Midpoint Theorem on Right-angled Triangle

Here we will prove that in a right-angled triangle the median drawn to the hypotenuse is half the hypotenuse in length.

Solution:

Given: In ∆PQR, ∠Q = 90°. QD is the median drawn to hypotenuse PR.

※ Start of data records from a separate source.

lemma restrict_id_in_onto_homs:
  assumes "simple_graph F"
  shows "restrict id {0..<fst F} \<in> onto_homs injective F (snd F) {0..<fst F}"
proof -
  have "restrict id {0..<fst F} ` e = e" if "e \<in> snd F" for e
    using simple_graph_edge_subset[OF assms that] by auto
  thus ?thesis unfolding onto_homs_def homs_def by (auto simp: inj_on_def)
qed

lemma sum_Pow_eq_zero_imp_eq_zero:
  fixes g :: "'a set \<Rightarrow> real"
  assumes "finite A" and sums: "\<And>T. T \<subseteq> A \<Longrightarrow> (\<Sum>U\<in>Pow T. g U) = 0"
  shows "U \<subseteq> A \<Longrightarrow> g U = 0"
proof (induction "card U" arbitrary: U rule: less_induct)
  case less
  have finU: "finite U" using less.prems assms(1) finite_subset by blast
  have "(\<Sum>U'\<in>Pow U. g U') = g U + (\<Sum>U'\<in>Pow U - {U}. g U')"
    by (rule sum.remove) (use finU in auto)
  moreover have "(\<Sum>U'\<in>Pow U - {U}. g U') = 0"
  proof (rule sum.neutral, rule ballI)
    fix U' assume U': "U' \<in> Pow U - {U}"
    hence "card U' < card U" using finU by (intro psubset_card_mono) auto
    moreover have "U' \<subseteq> A" using U' less.prems by blast
    ultimately show "g U' = 0" using less.hyps by blast
  qed
  ultimately show ?case using sums[OF less.prems] by simp
qed

lemma sum_onto_hom_counts_eq_zero:
  fixes F :: "'d::finite \<Rightarrow> graph" and \<gamma> :: "'d \<Rightarrow> real"
  assumes vanish: "\<And>T. T \<subseteq> {0..<fst H} \<Longrightarrow>
      (\<Sum>i\<in>UNIV. \<gamma> i * real (card (homs injective (F i) (snd H) T))) = 0"
  shows "(\<Sum>i\<in>UNIV. \<gamma> i * real (card (onto_homs injective (F i) (snd H) {0..<fst H}))) = 0"
proof -
  define g where "g U = (\<Sum>i\<in>UNIV. \<gamma> i * real (card (onto_homs injective (F i) (snd H) U)))"
    for U
  have "(\<Sum>U\<in>Pow T. g U) = 0" if T: "T \<subseteq> {0..<fst H}" for T
  proof -
    have "finite T" using T by (rule finite_subset) simp
    have "(\<Sum>U\<in>Pow T. g U)
        = (\<Sum>i\<in>UNIV. \<gamma> i * (\<Sum>U\<in>Pow T. real (card (onto_homs injective (F i) (snd H) U))))"
      unfolding g_def sum_distrib_left by (rule sum.swap)
    also have "\<dots> = (\<Sum>i\<in>UNIV. \<gamma> i * real (card (homs injective (F i) (snd H) T)))"
      using card_homs_eq_sum_onto_homs[OF \<open>finite T\<close>] by simp
    also have "\<dots> = 0" using vanish[OF T] .
    finally show ?thesis .
  qed
  hence "g {0..<fst H} = 0" by (intro sum_Pow_eq_zero_imp_eq_zero[of "{0..<fst H}" g]) auto
  thus ?thesis unfolding g_def .
qed

text \<open>Given a vanishing combination, take among the F_i with nonzero coefficient one with the
  most vertices and, among those, the fewest edges. By Moebius inversion over the subsets of its
  vertex set, the coefficient-weighted count of homomorphisms onto it also vanishes; but only F_i
  itself has such homomorphisms.\<close>

lemma hom_counts_linearly_independent:
  fixes F :: "'d::finite \<Rightarrow> graph" and \<gamma> :: "'d \<Rightarrow> real"
  assumes graphs: "\<And>i. simple_graph (F i)"
    and distinct: "\<And>i j. i \<noteq> j \<Longrightarrow> \<not> graph_iso (F i) (F j)"
    and vanish: "\<And>j T. T \<subseteq> {0..<fst (F j)} \<Longrightarrow>
              (\<Sum>i\<in>UNIV. \<gamma> i * real (card (homs injective (F i) (snd (F j)) T))) = 0"
  shows "\<gamma> = (\<lambda>_. 0)"
proof (rule ccontr)
  define I where "I = {i. \<gamma> i \<noteq> 0}"
  assume "\<gamma> \<noteq> (\<lambda>_. 0)"
  hence "I \<noteq> {}" unfolding I_def by auto
  define K where "K = Max ((\<lambda>i. fst (F i)) ` I)"
  define J where "J = {i \<in> I. fst (F i) = K}"
  have "K \<in> (\<lambda>i. fst (F i)) ` I" unfolding K_def using \<open>I \<noteq> {}\<close> by (intro Max_in) auto
  then obtain j where "j \<in> J" unfolding J_def by auto
  then obtain i0 where i0: "i0 \<in> J"
    and i0_min: "\<And>i. i \<in> J \<Longrightarrow> card (snd (F i0)) \<le> card (snd (F i))"
    using ex_has_least_nat[of "\<lambda>i. i \<in> J" j "\<lambda>i. card (snd (F i))"] by blast
  have K_max: "\<And>i. i \<in> I \<Longrightarrow> fst (F i) \<le> K" unfolding K_def by simp
  have i0I: "i0 \<in> I" and K: "fst (F i0) = K" using i0 J_def by auto
  define g where "g U = (\<Sum>i\<in>UNIV. \<gamma> i * real (card (onto_homs injective (F i) (snd (F i0)) U)))"
    for U
  have "g {0..<K} = 0"
    unfolding g_def K[symmetric] using vanish by (rule sum_onto_hom_counts_eq_zero)
  moreover have "\<gamma> i * real (card (onto_homs injective (F i) (snd (F i0)) {0..<K})) = 0"
    if "i \<noteq> i0" for i
  proof (cases "i \<in> I")
    case True
    hence "onto_homs injective (F i) (snd (F i0)) {0..<fst (F i0)} = {}"
      using K K_max i0_min
      by (intro onto_homs_empty_if_not_iso graphs distinct[OF that]) (auto simp: J_def)
    thus ?thesis using K by simp
  qed (simp add: I_def)
  hence "(\<Sum>i\<in>UNIV - {i0}. \<gamma> i * real (card (onto_homs injective (F i) (snd (F i0)) {0..<K}))) = 0"
    by (intro sum.neutral) auto
  hence "g {0..<K} = \<gamma> i0 * real (card (onto_homs injective (F i0) (snd (F i0)) {0..<K}))"
    unfolding g_def by (simp add: sum.remove[of UNIV i0])
  moreover have "restrict id {0..<K} \<in> onto_homs injective (F i0) (snd (F i0)) {0..<K}"
    using restrict_id_in_onto_homs[OF graphs[of i0]] K by simp
  hence "card (onto_homs injective (F i0) (snd (F i0)) {0..<K}) > 0"
    using finite_onto_homs[of "{0..<K}"] by (auto simp: card_gt_0_iff)
  ultimately show False using i0I I_def by simp
qed

section \<open>Subgraph densities as ratios of injective homomorphism counts\<close>

definition copies :: "graph \<Rightarrow> graph \<Rightarrow> (nat set \<times> nat set set) set" where
  "copies F G = {(V', E'). V' \<subseteq> {0..<fst G} \<and> E' \<subseteq> snd G \<and>
      (\<exists>f. bij_betw f {0..<fst F} V' \<and> (\<lambda>e. f ` e) ` snd F = E')}"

$Midpoint Theorem on Right-angled Triangle$

To prove: QS = $\frac{1}{2}$PR.

Construction: Draw ST ∥ QR such that ST cuts PQ at T.

Proof:

Statement	Reason
1. In ∆PQR, PS = $\frac{1}{2}$PR.	1. S is the midpoint of PR.
2. In ∆PQR, (i) S is the midpoint of PR (ii) ST ∥ QR	2. (i) Given. (ii) By construction.
3. Therefore, T is the midpoint of PQ.	3. By converse of the Midpoint Theorem.
4. TS ⊥ PQ.	4. TS ∥ QR and QR ⊥ PQ
5. In ∆PTS and ∆QTS , (i) PT = TQ (ii) TS = TS (iii) ∠PTS = ∠QTS = 90°.	5. (i) From the statement 3. (ii) Common side. (iii) From the statement 4.
6. Therefore, ∆PTS ≅ ∆QTS.	6. By SAS criterion of congruency.
7. PS = QS.	7. CPCTC
8. Therefore, QS = $\frac{1}{2}$PR.	8. Using statement 7 in statement 1.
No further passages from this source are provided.